> **EXERCISE**
Below are some records. Return exactly the lines from the one with "using exact_period_5_imp_P5 by auto" to the one with "dh m) \<bullet>", and nothing else.

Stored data
________

lemma finite_labels: "finite Y"
proof (rule ccontr)
  assume "infinite Y"
  define \<kappa> where "\<kappa> = 1 - c' / c"
  have "0 < \<kappa>" using c'_nonneg c'_less by (simp add: \<kappa>_def field_simps)
  obtain N :: nat where N: "1 / \<kappa> < N" using reals_Archimedean2 by blast
  obtain F where F: "finite F" "F \<subseteq> Y" "card F = N"
    using infinite_arbitrarily_large[OF \<open>infinite Y\<close>] by blast
  have "1 < N * \<kappa>" using N \<open>0 < \<kappa>\<close> by (simp add: field_simps)
  also have "\<dots> = sum (\<lambda>_. \<kappa>) F" using F by simp
  also have "\<dots> \<le> sum (indifference_prob c') F"
    using F indifference_prob_ge by (intro sum_mono) (auto simp: \<kappa>_def)
  finally show False using sum_indifference_prob_le[OF F(1,2)] by simp
qed

lemma b_finite:
  assumes "y \<in> Y" "y' \<in> Y" "y' \<noteq> y"
  shows "b y \<noteq> \<infinity>"
proof
  assume "b y = \<infinity>"
  then have "1 < sum (indifference_prob c') {y, y'}"
    using assms indifference_prob_pos[of y'] by (simp add: indifference_prob_def)
  with sum_indifference_prob_le[of "{y, y'}"] assms show False by simp
qed

lemma learner_wins:
  assumes "y0 \<in> Y" "y1 \<in> Y" "y0 \<noteq> y1"
  shows "\<exists>\<pi>. \<forall>y\<in>Y. (\<integral>\<^sup>+ k. (if k = y then a k else b k) \<partial>measure_pmf \<pi>) \<le> c"
proof -
  have b: "b k \<noteq> \<infinity>" if "k \<in> Y" for k
    using assms that by (metis b_finite)
  \<comment> \<open>Weights 1 / (b k - a k) make the expected cost the same against every label.\<close>
  define w where "w k = 1 / (br k - ar k)" for k
  have w: "0 < w k" "(ar k - br k) * w k = -1" if "k \<in> Y" for k
    using ar_less[OF that] br_greater[OF b[OF that]] c'_less by (simp_all add: w_def field_simps)
  obtain \<pi> where \<pi>: "set_pmf \<pi> \<subseteq> Y" "\<And>k. k \<in> Y \<Longrightarrow> pmf \<pi> k = w k / sum w Y"
    using pmf_proportional_exists[of Y w] finite_labels assms(1) w(1) by blast
  have "sum w Y > 0" using finite_labels assms(1) w(1) by (intro sum_pos) auto
  have "(\<Sum>k\<in>Y. br k * w k) = (\<Sum>k\<in>Y. indifference_prob c' k + c' * w k)"
    by (rule sum.cong) (use b in \<open>auto simp: indifference_prob_def w_def diff_divide_distrib\<close>)
  also have "\<dots> \<le> 1 + c' * sum w Y"
    using sum_indifference_prob_le[OF finite_labels order.refl] by (simp add: sum.distrib sum_distrib_left)
  also have "\<dots> \<le> 1 + c * sum w Y"
    using \<open>sum w Y > 0\<close> c'_less by simp
  finally have "((\<Sum>k\<in>Y. br k * w k) + -1) / sum w Y \<le> c"
    using \<open>sum w Y > 0\<close> by (simp add: divide_le_eq)
  moreover have "(\<integral>\<^sup>+ k. (if k = y then a k else b k) \<partial>measure_pmf \<pi>) =
      ennreal (((\<Sum>k\<in>Y. br k * w k) + -1) / sum w Y)" if "y \<in> Y" for y
    using that ar_less b w by (subst nn_integral_equalizing_pmf[OF finite_labels \<pi>]) auto
  ultimately show ?thesis by (intro exI[of _ \<pi>]) (simp add: ennreal_leI)
qed

end

locale bandit_round_cheap = bandit_round Y a b c c' for Y :: "'y::countable set" and a b c c' +
  assumes cheap: "\<And>k. b k \<le> c \<Longrightarrow> k \<in> Y \<and> c < a k"
    and cheap_exists: "\<exists>k. b k \<le> c"
begin

lemma br_le: "b k \<le> c \<Longrightarrow> b k \<noteq> \<infinity> \<and> br k \<le> c"
  using c'_nonneg c'_less by (cases "b k") (auto simp: br_def top_unique)

lemma ar_greater: "b k \<le> c \<Longrightarrow> a k \<noteq> \<infinity> \<Longrightarrow> c < ar k"
  using cheap[of k] c'_nonneg c'_less by (simp add: a_eq_ar ennreal_less_iff)

definition cheap_prob :: "'y \<Rightarrow> real" where
  "cheap_prob k = (if b k \<le> c \<and> a k \<noteq> \<infinity> then indifference_prob c k else 0)"

lemma cheap_prob_eq: "b k \<le> c \<Longrightarrow> a k \<noteq> \<infinity> \<Longrightarrow> cheap_prob k * (ar k - br k) = c - br k"
  using indifference_prob_eq[of k c] br_le[of k] ar_greater[of k]
  by (simp add: cheap_prob_def algebra_simps)
lemma zariski_closed_imp_closed: "zariski_closed A \<Longrightarrow> closed A"
proof -
  assume "zariski_closed A"
  then obtain F where F: "\<forall>f\<in>F. poly2 f" and A: "A = {(u, v). \<forall>f\<in>F. f u v = 0}"
    unfolding zariski_closed_def by blast
  have "A = (\<Inter>f\<in>F. {p. f (fst p) (snd p) = 0})"
    unfolding A by auto
  moreover have "closed {p. f (fst p) (snd p) = 0}" if "f \<in> F" for f
    using F that by (intro closed_Collect_eq continuous_on_poly2 continuous_on_const) auto
  ultimately show "closed A"
    by auto
qed

lemma zariski_closure_eqI:
  assumes "zariski_closed Z" "S \<subseteq> Z" "Z \<subseteq> closure S"
  shows "zariski_closure S = Z"
proof -
  have "Z \<subseteq> A" if "zariski_closed A" "S \<subseteq> A" for A
    using assms(3) closure_minimal[OF that(2) zariski_closed_imp_closed[OF that(1)]] by blast
  then show ?thesis
    using assms(1,2) unfolding zariski_closure_def by blast
qed

definition P5_coeffs :: "int list list" where
  "P5_coeffs = [[0, 0, 0, 0, 0, 1, 2, 1], [0, 0, 0, 1, -2, -4, 3, 4], [0, 0, -2, 4, 6, -12, -6, 6], [1, 2, -4, -5, 19, 0, -16, 4], [0, 2, 3, -16, 6, 18, -12, 1], [0, -1, 7, -5, -12, 14, -3, 0], [0, -1, 1, 5, -8, 3, 0, 0], [0, 0, -1, 2, -1, 0, 0, 0]]"

lemma zariski_closed_P5: "zariski_closed {(u, v). P5 u v = 0}"
proof -
  have "P5 u v = (\<Sum>i\<le>7. \<Sum>j\<le>7. of_int (P5_coeffs ! i ! j) * u^i * v^j)" for u v
    by (simp add: eval_nat_numeral sum.atMost_Suc P5_coeffs_def P5_def)
  then have "poly2 P5"
    unfolding poly2_def by (intro exI[of _ 7] exI[of _ "\<lambda>i j. of_int (P5_coeffs ! i ! j)"]) blast
  then show ?thesis
    unfolding zariski_closed_def by (intro exI[of _ "{P5}"]) auto
qed

theorem mainTheorem7:
  shows "{p. exact_period 5 p} \<subseteq> {(u,v). P5 u v = 0} \<and>
         zariski_closure {p. exact_period 5 p} = {(u,v). P5 u v = 0}"
proof -
  have periodic_on_curve: "{p. exact_period 5 p} \<subseteq> {(u,v). P5 u v = 0}"
    using exact_period_5_imp_P5 by auto
  then show ?thesis
    using zariski_closure_eqI[OF zariski_closed_P5 _ P5_zero_set_subset_closure] by blast
qed

end
lemma prox_variational_inequality:
  fixes h :: "'v::real_inner \<Rightarrow> real"
  assumes S: "convex S" "compact S" and x: "x \<in> S" and N: "is_norm N" and K: "K > 0"
    and h_deriv: "\<And>x. x \<in> S \<Longrightarrow> (h has_derivative (\<lambda>v. dh x \<bullet> v)) (at x within S)"
    and strong: "\<And>x x'. x \<in> S \<Longrightarrow> x' \<in> S \<Longrightarrow> (dh x - dh x') \<bullet> (x - x') \<ge> K * (N (x - x'))\<^sup>2"
  shows prox_mem: "prox S h dh x y \<in> S"
    and prox_VI: "\<And>q. q \<in> S \<Longrightarrow> 0 \<le> (dh (prox S h dh x y) - dh x - y) \<bullet> (q - prox S h dh x y)"
proof -
  define \<phi> where "\<phi> z = y \<bullet> (x - z) + bregman h dh z x" for z
  have "continuous_on S h"
    using h_deriv has_derivative_continuous continuous_on_eq_continuous_within by blast
  then have "continuous_on S \<phi>" unfolding \<phi>_def bregman_def by (intro continuous_intros)
  then obtain m where m: "m \<in> S" "\<And>z. z \<in> S \<Longrightarrow> \<phi> m \<le> \<phi> z"
    using continuous_attains_inf[OF S(2)] x by blast
  have VI: "0 \<le> (dh m' - dh x - y) \<bullet> (q - m')"
    if "is_arg_min \<phi> (\<lambda>z. z \<in> S) m'" "q \<in> S" for m' q
    using that min_prox_objective_variational_inequality[OF S(1) _ _ h_deriv]
    unfolding is_arg_min_def \<phi>_def by (meson not_less)
  have "m' = m" if m': "is_arg_min \<phi> (\<lambda>z. z \<in> S) m'" for m'
  proof -
    have m'S: "m' \<in> S" using m' unfolding is_arg_min_def by blast
    have am: "is_arg_min \<phi> (\<lambda>z. z \<in> S) m" using m unfolding is_arg_min_def by (auto simp: not_less)
    have "(dh m' - dh m) \<bullet> (m' - m) \<le> 0"
      using VI[OF m' m(1)] VI[OF am m'S] by (simp add: inner_diff_left inner_diff_right inner_commute)
    then have "K * (N (m' - m))\<^sup>2 \<le> 0" using strong[OF m'S m(1)] by linarith
    then show ?thesis using K is_norm_eq_zero_iff[OF N, of "m' - m"]
      by (simp add: mult_le_0_iff)
  qed
  moreover have "is_arg_min \<phi> (\<lambda>z. z \<in> S) m" using m unfolding is_arg_min_def by (auto simp: not_less)
  ultimately have "prox S h dh x y = m" unfolding prox_def \<phi>_def[symmetric] by (rule the_equality[rotated])
  then show "prox S h dh x y \<in> S" "\<And>q. q \<in> S \<Longrightarrow> 0 \<le> (dh (prox S h dh x y) - dh x - y) \<bullet> (q - prox S h dh x y)"
    using m(1) VI \<open>is_arg_min \<phi> (\<lambda>z. z \<in> S) m\<close> by auto
qed
(* Let $m\ge 1$ and $x\in RF(m)$. Then for every choice, for each $k\in\{1,\dots,m-1\}$, of one of the two forms $[\omega,x_k]$ or $[x_k,\omega]$, there exist integers $\alpha_1,\dots,\alpha_m$ and elements $\omega_1,\dots,\omega_{m-1}\in RF(m)$ such that $$x=x_m^{\alpha_m}x_{m-1}^{\alpha_{m-1}}\cdots x_1^{\alpha_1}\,z_1z_2\cdots z_{m-1},$$ where $z_k=[\omega_k,x_k]$ or $z_k=[x_k,\omega_k]$ according to the chosen form.
   Context: $RF(m)$ is the reduced free group on $x_1,\dots,x_m$: the quotient of the free group $F(x_1,\dots,x_m)$ by the relations that each $x_i$ commutes with every conjugate $\gamma x_i\gamma^{-1}$ of itself. Commutators are $[g,h]=g^{-1}h^{-1}gh$. *)

theory Defs
  imports Main
begin

text \<open>Words in the generators x_i and their inverses: a letter (i, False) is x_i,
  a letter (i, True) is x_i^{-1}.  Elements of RF(m) are represented by words over
  the alphabet {1..m}, modulo the congruence rf_eq m defined below.\<close>

type_synonym word = "(nat \<times> bool) list"

definition alphabet :: "nat \<Rightarrow> word \<Rightarrow> bool" where
  "alphabet m w \<longleftrightarrow> (\<forall>(i, b) \<in> set w. 1 \<le> i \<and> i \<le> m)"

definition inv_word :: "word \<Rightarrow> word" where
  "inv_word w = rev (map (\<lambda>(i, b). (i, \<not> b)) w)"

definition gen :: "nat \<Rightarrow> word" where
  "gen i = [(i, False)]"

text \<open>The defining congruence of RF(m): free reduction, plus x_i commutes with
  every conjugate g x_i g^{-1}.\<close>

inductive rf_eq :: "nat \<Rightarrow> word \<Rightarrow> word \<Rightarrow> bool" for m :: nat where
  rf_refl: "rf_eq m w w"
| rf_sym: "rf_eq m u v \<Longrightarrow> rf_eq m v u"
| rf_trans: "rf_eq m u v \<Longrightarrow> rf_eq m v w \<Longrightarrow> rf_eq m u w"
| rf_cancel: "alphabet m u \<Longrightarrow> alphabet m v \<Longrightarrow> 1 \<le> i \<Longrightarrow> i \<le> m \<Longrightarrow>
    rf_eq m (u @ [(i, b), (i, \<not> b)] @ v) (u @ v)"
| rf_rel: "alphabet m u \<Longrightarrow> alphabet m v \<Longrightarrow> alphabet m g \<Longrightarrow> 1 \<le> i \<Longrightarrow> i \<le> m \<Longrightarrow>
    rf_eq m (u @ gen i @ (g @ gen i @ inv_word g) @ v)
            (u @ (g @ gen i @ inv_word g) @ gen i @ v)"
(* Let $(X_t^f)_{t\ge0}$ be the Ornstein–Uhlenbeck process on $\mathbb{R}^d$, $dX_t^f=-X_t^f\,dt+\sqrt2\,dB_t$, with $X_0^f\sim q_0$ where $q_0$ is a probability density with $\mathsf{KL}(q_0\|q_\infty)<\infty$, $q_\infty$ the density of $\mathcal{N}(0,\mathbf{I}_d)$. Let $q_t$ be the density of $X_t^f$. For $0\le a\le b$ define $$H_a^b:=\int_a^b\int_{\mathbb{R}^d}q_u(x)\,\big\|\nabla\log q_u(x)-\nabla\log q_\infty(x)\big\|^2\,dx\,du=\int_a^b\int_{\mathbb{R}^d}q_u(x)\,\|\nabla\log q_u(x)+x\|^2\,dx\,du.$$ Then for all $0<t\le T$, $$H_t^T\le\frac{e^{-2t}}{1-e^{-2t}}\,H_0^t.$$
   Context: $B_t$ is standard Brownian motion in $\mathbb{R}^d$, independent of $X_0^f$. Equivalently $X_t^f\overset{d}{=}e^{-t}X_0^f+\sqrt{1-e^{-2t}}\,Z$ with $Z\sim\mathcal{N}(0,\mathbf{I})$ independent of $X_0^f$. *)

theory Defs
  imports "HOL-Analysis.Analysis"
begin

definition gauss_dens :: "real \<Rightarrow> 'a::euclidean_space \<Rightarrow> real" where
  "gauss_dens s z = (2 * pi * s) powr (- real DIM('a) / 2) * exp (- (norm z)\<^sup>2 / (2 * s))"

definition q_inf :: "'a::euclidean_space \<Rightarrow> real" where
  "q_inf x = gauss_dens 1 x"

definition KL_finite :: "('a::euclidean_space \<Rightarrow> real) \<Rightarrow> ('a \<Rightarrow> real) \<Rightarrow> bool" where
  "KL_finite p r \<longleftrightarrow> integrable lborel (\<lambda>x. p x * ln (p x / r x))"

text \<open>Density q_t of the OU process X_t = e^{-t} X_0 + sqrt(1 - e^{-2t}) Z,
X_0 having density q0: for t > 0 the convolution formula, q_0 = q0.\<close>
definition ou_dens :: "('a::euclidean_space \<Rightarrow> real) \<Rightarrow> real \<Rightarrow> 'a \<Rightarrow> real" where
  "ou_dens q0 t x = (if t = 0 then q0 x else
     (\<integral>y. q0 y * gauss_dens (1 - exp (-2 * t)) (x - exp (- t) *\<^sub>R y) \<partial>lborel))"

definition grad :: "('a::euclidean_space \<Rightarrow> real) \<Rightarrow> 'a \<Rightarrow> 'a" where
  "grad f x = (\<Sum>b\<in>Basis. frechet_derivative f (at x) b *\<^sub>R b)"

definition H :: "('a::euclidean_space \<Rightarrow> real) \<Rightarrow> real \<Rightarrow> real \<Rightarrow> ennreal" where
  "H q0 a b = (\<integral>\<^sup>+ u \<in> {a..b}. (\<integral>\<^sup>+ x. ennreal (ou_dens q0 u x *
      (norm (grad (\<lambda>y. ln (ou_dens q0 u y)) x + x))\<^sup>2) \<partial>lborel) \<partial>lborel)"

end

theory Submission
  imports Defs "HOL-Probability.Probability"
begin

(* For u > 0 the integrand of H is |R_u|^2 / q_u, where R_u = grad q_u + x q_u = q_u grad ln (q_u / q_inf)
   is the score flux.  Let k_r(x, y) be the Gaussian transition kernel of the process.  The
   Chapman-Kolmogorov identity  int q_u(y) k_r(x, y) dy = q_(u+r)(x)  and the same Gaussian computation
   give  int k_r(x, y) R_u(y) dy = e^r R_(u+r)(x).  By Cauchy-Schwarz,
   |R_(u+r)(x)|^2 / q_(u+r)(x) <= e^(-2r) int k_r(x, y) |R_u(y)|^2 / q_u(y) dy,
   and integrating in x shows that the relative Fisher information J(u) = int |R_u|^2 / q_u satisfies
   J(u + r) <= e^(-2r) J(u).  Hence H_t^T <= J(t) int_t^T e^(-2(u-t)) du <= J(t)/2, while
   H_0^t >= J(t) int_0^t e^(2(t-u)) du = J(t) (e^(2t) - 1)/2. *)

section \<open>Gaussian densities\<close>

lemma gauss_dens_nonneg [simp]: "0 \<le> gauss_dens s z"
  by (simp add: gauss_dens_def)

lemma gauss_dens_pos: "s > 0 \<Longrightarrow> gauss_dens s z > 0"
  by (simp add: gauss_dens_def)

lemma gauss_dens_minus [simp]: "gauss_dens s (- z) = gauss_dens s z"
  by (simp add: gauss_dens_def)

lemma gauss_dens_measurable [measurable]: "gauss_dens s \<in> borel_measurable borel"
  unfolding gauss_dens_def by measurable

lemma gauss_dens_eq_peak: "gauss_dens s (z::'a::euclidean_space) = gauss_dens s (0::'a) * exp (- (norm z)\<^sup>2 / (2 * s))"
  by (simp add: gauss_dens_def)

lemma gauss_dens_le_peak: "s > 0 \<Longrightarrow> gauss_dens s (z::'a::euclidean_space) \<le> gauss_dens s (0::'a)"
  by (subst gauss_dens_eq_peak) (simp add: mult_left_le)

________

> **TASK RESULT**
    using exact_period_5_imp_P5 by auto
  then show ?thesis
    using zariski_closure_eqI[OF zariski_closed_P5 _ P5_zero_set_subset_closure] by blast
qed

end
lemma prox_variational_inequality:
  fixes h :: "'v::real_inner \<Rightarrow> real"
  assumes S: "convex S" "compact S" and x: "x \<in> S" and N: "is_norm N" and K: "K > 0"
    and h_deriv: "\<And>x. x \<in> S \<Longrightarrow> (h has_derivative (\<lambda>v. dh x \<bullet> v)) (at x within S)"
    and strong: "\<And>x x'. x \<in> S \<Longrightarrow> x' \<in> S \<Longrightarrow> (dh x - dh x') \<bullet> (x - x') \<ge> K * (N (x - x'))\<^sup>2"
  shows prox_mem: "prox S h dh x y \<in> S"
    and prox_VI: "\<And>q. q \<in> S \<Longrightarrow> 0 \<le> (dh (prox S h dh x y) - dh x - y) \<bullet> (q - prox S h dh x y)"
proof -
  define \<phi> where "\<phi> z = y \<bullet> (x - z) + bregman h dh z x" for z
  have "continuous_on S h"
    using h_deriv has_derivative_continuous continuous_on_eq_continuous_within by blast
  then have "continuous_on S \<phi>" unfolding \<phi>_def bregman_def by (intro continuous_intros)
  then obtain m where m: "m \<in> S" "\<And>z. z \<in> S \<Longrightarrow> \<phi> m \<le> \<phi> z"
    using continuous_attains_inf[OF S(2)] x by blast
  have VI: "0 \<le> (dh m' - dh x - y) \<bullet> (q - m')"
    if "is_arg_min \<phi> (\<lambda>z. z \<in> S) m'" "q \<in> S" for m' q
    using that min_prox_objective_variational_inequality[OF S(1) _ _ h_deriv]
    unfolding is_arg_min_def \<phi>_def by (meson not_less)
  have "m' = m" if m': "is_arg_min \<phi> (\<lambda>z. z \<in> S) m'" for m'
  proof -
    have m'S: "m' \<in> S" using m' unfolding is_arg_min_def by blast
    have am: "is_arg_min \<phi> (\<lambda>z. z \<in> S) m" using m unfolding is_arg_min_def by (auto simp: not_less)
    have "(dh m' - dh m) \<bullet> (m' - m) \<le> 0"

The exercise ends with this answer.